The Fines and Recoveries Act 1833 (3 & 4 Will. 4. c. 74) was an act of the Parliament of the United Kingdom of Great Britain and Ireland. It abolished the two species of property conveyance known as fines of lands (or final concords) and common recoveries.

== Provisions ==
Section 27 of the act repealed the Dowress, etc. Act 1495 (11 Hen. 7. c. 20), except as to lands compromised in any settlement before the passing of the act.

Section 60 of the act repealed from 1 January 1733 so much of the Bankruptcy Act 1825 (6 Geo. 4. c. 16) "as empowers the Commissioners named in any Commission of Bankrupt issued against a Tenant in Tail to make Sale of any Lands, Tenements, and Hereditaments, situate either in England or Ireland, whereof such Bankrupt shall be seised of any Estate Tail in Possession, Reversion, or Remainder, and whereof no Reversion or Remainder is in the Crown, the Gift or Provision of the Crown".

Section 60 of the act repealed from 1 January 1733 the Entailed Estates Act 1826 (7 Geo. 4. c. 45), providing that this would not revive the Entailed Estates Act 1800 (39 & 40 Geo. 3. c. 56).

== Subsequent developments ==
The Fines and Recoveries (Ireland) Act 1834 (4 & 5 Will. 4. c. 92) made similar provisions to the act for Ireland.

The act is declared in force in South Australia by the Estates Tail Act 1881.

In section 27 of the act, the words "no woman in respect of her dower and" were repealed by section 56 of, and part I of the second schedule to, the Administration of Estates Act 1925 (15 & 16 Geo. 5. c. 23), which came into force on 1 January 1926.

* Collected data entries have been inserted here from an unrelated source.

lemma g_signed_unique:
  assumes z: "Zvec z" "red_vec z \<noteq> 0"
    and s: "s1 \<in> {1, -1}" "s2 \<in> {1, -1}" "s3 \<in> {1, -1}"
    and s': "s1' \<in> {1, -1}" "s2' \<in> {1, -1}" "s3' \<in> {1, -1}"
    and c: "(z \<bullet> g_signed s1 s2 s3) / 2 \<in> ZT" "(z \<bullet> g_signed s1' s2' s3') / 2 \<in> ZT"
    and k: "red_vec (z - ((z \<bullet> g_signed s1 s2 s3) / 2) *\<^sub>R g_signed s1 s2 s3) = 0"
      "red_vec (z - ((z \<bullet> g_signed s1' s2' s3') / 2) *\<^sub>R g_signed s1' s2' s3') = 0"
  shows "g_signed s1' s2' s3' = g_signed s1 s2 s3 \<or> g_signed s1' s2' s3' = - g_signed s1 s2 s3"
proof -
  define c c' where "c = (z \<bullet> g_signed s1 s2 s3) / 2" and "c' = (z \<bullet> g_signed s1' s2' s3') / 2"
  have rz: "red_vec z = smult4 (red c) gbar" "red_vec z = smult4 (red c') gbar"
    using k red_vec_diff_scaleR_eq_0_iff z(1) Zvec_g_signed red_vec_g_signed s s' c
    unfolding c_def c'_def by auto
  then have "red (z $ m) = red c * nth4 gbar m" for m by (metis nth4_red_vec nth4_smult4)
  then have zc: "red (z $ 2) = red c" "red (z $ 3) = red c * Fw'" "red (z $ 4) = red c * Fw"
    by (simp_all add: gbar_def f4_mult_F1)
  have cc': "red c = red c'" using arg_cong[OF rz(1), of "\<lambda>f. nth4 f 2"] rz(2) by (simp add: gbar_def)
  have l: "red c \<noteq> 0" using z(2) rz(1) by (auto simp: gbar_def zero_f4vec)
  define d1 d2 d3 where "d1 = (s1 - s1') / 2" and "d2 = (s2 - s2') / 2" and "d3 = (s3 - s3') / 2"
  have dZ: "d1 \<in> ZT" "d2 \<in> ZT" "d3 \<in> ZT" "red d1 \<in> {0, 1}" "red d2 \<in> {0, 1}" "red d3 \<in> {0, 1}"
    unfolding d1_def d2_def d3_def using sign_diff_half(1,2) s s' by auto
  have zZ: "z $ 2 \<in> ZT" "z $ 3 \<in> ZT" "z $ 4 \<in> ZT" using z(1) unfolding Zvec_def by blast+
  \<comment> \<open>flipping the signs of a set of coordinates changes \<open>c\<close> by a sum that is even only
    for no flips or all flips\<close>
  have "c - c' = z $ 2 * d1 + z $ 3 * ((1 - t) * d2) + z $ 4 * (t * d3)"
    unfolding c_def c'_def d1_def d2_def d3_def g_signed_def inner_4 by (simp add: field_simps)
  then have "red (c - c') = red (z $ 2) * red d1 + red (z $ 3) * (Fw' * red d2) + red (z $ 4) * (Fw * red d3)"
    using dZ zZ by (simp add: red_add red_mult)
  moreover have "red (c - c') = 0" using cc' c unfolding c_def c'_def by (simp add: red_diff)
  ultimately have "red c * red d1 + (red c * Fw') * (Fw' * red d2) + (red c * Fw) * (Fw * red d3) = 0"
    unfolding zc by metis
  then have "red d1 = red d2 \<and> red d2 = red d3" using f4_sign_flip_cancel[OF l] dZ(4-6) by blast
  then show ?thesis using g_signed_eq_or_uminus[OF s s'] unfolding d1_def d2_def d3_def by blast
qed

lemma g_signed_exists:
  assumes z: "Zvec z" and l: "l \<noteq> 0" and rz: "red_vec z = smult4 l gbar"
  shows "\<exists>s1 s2 s3. s1 \<in> {1, -1} \<and> s2 \<in> {1, -1} \<and> s3 \<in> {1, -1} \<and>
    (z \<bullet> g_signed s1 s2 s3) / 2 \<in> ZT \<and>
    red_vec (z - ((z \<bullet> g_signed s1 s2 s3) / 2) *\<^sub>R g_signed s1 s2 s3) = 0"
proof -
  have ex: ?thesis if s: "s1 \<in> {1, -1}" "s2 \<in> {1, -1}" "s3 \<in> {1, -1}"
    and c: "(z \<bullet> g_signed s1 s2 s3) / 2 \<in> ZT" "red ((z \<bullet> g_signed s1 s2 s3) / 2) = l" for s1 s2 s3
  proof -
    have "red_vec (z - ((z \<bullet> g_signed s1 s2 s3) / 2) *\<^sub>R g_signed s1 s2 s3) = 0"
      unfolding red_vec_diff_scaleR_eq_0_iff[OF z Zvec_g_signed[OF s] c(1)]
      unfolding c(2) red_vec_g_signed[OF s] by (rule rz)
    then show ?thesis using s c(1) by blast
  qed
  define c0 where "c0 = (z \<bullet> g_signed 1 1 1) / 2"
  have "red (z \<bullet> g_signed 1 1 1) = dot4 (smult4 l gbar) gbar"
    using red_inner[OF z Zvec_g_signed[of 1 1 1]] red_vec_g_signed[of 1 1 1] rz by simp
  also have "\<dots> = 0" by (cases l) (simp_all add: gbar_def)
  finally have c0: "c0 \<in> ZT"
    unfolding c0_def using half_in_ZT_iff inner_in_ZT[OF z Zvec_g_signed[of 1 1 1]] by simp
  have zZ: "z $ 2 \<in> ZT" "z $ 3 \<in> ZT" "z $ 4 \<in> ZT" using z unfolding Zvec_def by blast+
  have "red (z $ i) = l * nth4 gbar i" for i using rz by (metis nth4_red_vec nth4_smult4)
  then have rz_nth: "red (z $ 2) = l" "red (z $ 3) = l * Fw'" "red (z $ 4) = l * Fw"
    by (simp_all add: gbar_def f4_mult_F1)
  have flip: "(z \<bullet> g_signed (-1) 1 1) / 2 = c0 - z $ 2"
    "(z \<bullet> g_signed 1 (-1) 1) / 2 = c0 - (1 - t) * z $ 3"
    "(z \<bullet> g_signed 1 1 (-1)) / 2 = c0 - t * z $ 4"
    unfolding c0_def g_signed_def inner_4 by (simp_all add: field_simps)
  consider "red c0 = l" | "red c0 + l = l" | "red c0 + Fw' * (l * Fw') = l" | "red c0 + Fw * (l * Fw) = l"
    using f4_translate_cover[OF l] by blast
  then show ?thesis
  proof cases
    case 1
    show ?thesis by (rule ex[of 1 1 1]) (use 1 c0 in \<open>simp_all add: c0_def[symmetric]\<close>)
  next
    case 2
    show ?thesis by (rule ex[of "-1" 1 1]) (use 2 c0 zZ rz_nth in \<open>simp_all add: flip red_diff\<close>)
  next
    case 3
    show ?thesis
      by (rule ex[of 1 "-1" 1]) (use 3 c0 zZ rz_nth in \<open>simp_all add: flip red_diff red_mult\<close>)
  next
    case 4
    show ?thesis
      by (rule ex[of 1 1 "-1"]) (use 4 c0 zZ rz_nth in \<open>simp_all add: flip red_diff red_mult\<close>)
  qed
qed

lemma double_root_unique:
  assumes y: "Zvec y" "red_vec y \<in> Abar - {0}" and a: "a \<in> double_roots" and b: "b \<in> double_roots"
    and ab: "red_vec a = red_vec b"
    and ka: "red_vec (y - ((y \<bullet> a) / 2) *\<^sub>R a) = 0" and kb: "red_vec (y - ((y \<bullet> b) / 2) *\<^sub>R b) = 0"
  shows "b = a \<or> b = - a"
proof -
  obtain p s1 s2 s3 where ap: "a = permv p (g_signed s1 s2 s3)" "p \<in> evenperms"
    and s: "s1 \<in> {1, -1}" "s2 \<in> {1, -1}" "s3 \<in> {1, -1}" using double_rootsE[OF a] .
  obtain q s1' s2' s3' where bq: "b = permv q (g_signed s1' s2' s3')" "q \<in> evenperms"
    and s': "s1' \<in> {1, -1}" "s2' \<in> {1, -1}" "s3' \<in> {1, -1}" using double_rootsE[OF b] .
  have p: "p permutes UNIV" using ap(2) by (simp add: evenperms_def)
  have "permute4 p gbar = permute4 q gbar"
    using ab unfolding ap(1) bq(1) red_vec_permv red_vec_g_signed[OF s] red_vec_g_signed[OF s'] .
  then have qp: "q = p" by (rule permute4_gbar_inj[symmetric])
  define z where "z = permv (inv p) y"
  have zZ: "Zvec z" unfolding z_def using Zvec_permv y(1) by blast
  have "red_vec y = permute4 p (red_vec z)" unfolding z_def red_vec_permv[symmetric] permv_inv[OF p] ..
  then have z0: "red_vec z \<noteq> 0" using y(2) permute4_eq_0_iff[OF p] by auto
  have inner: "y \<bullet> permv p u = z \<bullet> u" for u unfolding z_def by (rule inner_permv_right[OF p])
  have kill: "red_vec (z - ((z \<bullet> u) / 2) *\<^sub>R u) = 0" if "red_vec (y - ((y \<bullet> permv p u) / 2) *\<^sub>R permv p u) = 0" for u
    using that unfolding diff_scaleR_permv[OF p] red_vec_permv permute4_eq_0_iff[OF p] inner z_def .
  have c: "(z \<bullet> g_signed s1 s2 s3) / 2 \<in> ZT" "(z \<bullet> g_signed s1' s2' s3') / 2 \<in> ZT"
    using lattice_reflection(1)[OF y(1) _ a] lattice_reflection(1)[OF y(1) _ b] y(2)
    unfolding ap(1) bq(1) qp inner by auto
  have "g_signed s1' s2' s3' = g_signed s1 s2 s3 \<or> g_signed s1' s2' s3' = - g_signed s1 s2 s3"
    using g_signed_unique[OF zZ z0 s s' c] kill ka kb unfolding ap(1) bq(1) qp by blast
  then show ?thesis unfolding ap(1) bq(1) qp by (auto simp: permv_uminus)
qed

lemma double_root_exists:
  assumes y: "Zvec y" "red_vec y \<in> Adotbar" and m: "m \<noteq> 0"
  shows "\<exists>a\<in>double_roots. red_vec a = smult4 m (red_vec y) \<and> red_vec (y - ((y \<bullet> a) / 2) *\<^sub>R a) = 0"
proof -
  have "smult4 m (red_vec y) \<in> Adotbar" using smult4_Adotbar y(2) m by blast
  then obtain p where p: "p \<in> evenperms" "permute4 p gbar = smult4 m (red_vec y)"
    unfolding Adotbar_def by force
  have pp: "p permutes UNIV" using p(1) by (simp add: evenperms_def)
  define l where "l = inverse m"
  have l: "l \<noteq> 0" "l * m = 1" unfolding l_def using m by (cases m; simp)+
  have "red_vec y = smult4 l (permute4 p gbar)" unfolding p(2) smult4_smult4 l(2) smult4_1 ..
  then have ry: "red_vec y = permute4 p (smult4 l gbar)" by (simp add: smult4_permute4)
  define z where "z = permv (inv p) y"
  have zZ: "Zvec z" unfolding z_def using Zvec_permv y(1) by blast
  have "red_vec z = smult4 l gbar"
    unfolding z_def red_vec_permv ry permute4_permute4 permutes_inv_o(1)[OF pp] permute4_id ..
  then obtain s1 s2 s3 where s: "s1 \<in> {1, -1}" "s2 \<in> {1, -1}" "s3 \<in> {1, -1}"
    and k: "red_vec (z - ((z \<bullet> g_signed s1 s2 s3) / 2) *\<^sub>R g_signed s1 s2 s3) = 0"
    using g_signed_exists[OF zZ l(1)] by blast
  define a where "a = permv p (g_signed s1 s2 s3)"
  have "a \<in> double_roots" unfolding a_def using double_rootsI p(1) s by blast
  moreover have "red_vec a = smult4 m (red_vec y)"
    unfolding a_def red_vec_permv red_vec_g_signed[OF s] p(2) ..
  moreover have "y \<bullet> a = z \<bullet> g_signed s1 s2 s3" unfolding a_def z_def by (rule inner_permv_right[OF pp])
  then have "red_vec (y - ((y \<bullet> a) / 2) *\<^sub>R a) = 0"
    using k unfolding a_def diff_scaleR_permv[OF pp] red_vec_permv permute4_eq_0_iff[OF pp] z_def
    by simp
  ultimately show ?thesis by blast
qed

In section 33 of the act, the words from "or if any person, protector of a settlement," to "continuance of such estate", and the word "other", were repealed by section 10(2) of, and part I of schedule 3 to, the Criminal Law Act 1967, which came into force on 1 January 1968.

The following provisions were repealed by section 1 of, and part III of the schedule to, the Statute Law (Repeals) Act 1969, which came into force on 1 January 1970.
- In section 27 the words from " (except " to " thirty-three) ".
- In section 40 the words from " and if " onwards. In section 58 the words " except so far as the same may be varied by the clause next hereinafter contained."
- Section 71 from " and all the previous clauses in this Act" onwards.
- In section 72 the words from " but every deed to be executed " to " Ireland ", where next occurring.
- Sections 77 and 78.
- Section 91.

In section 67 of the act, including that section as applied by any other act, the words from "and in case any action of trespass" to "special matter in evidence" were repealed by section 1(1) of, and part I of schedule 1 to, the Statute Law (Repeals) Act 1976, which came into force on 27 May 1976.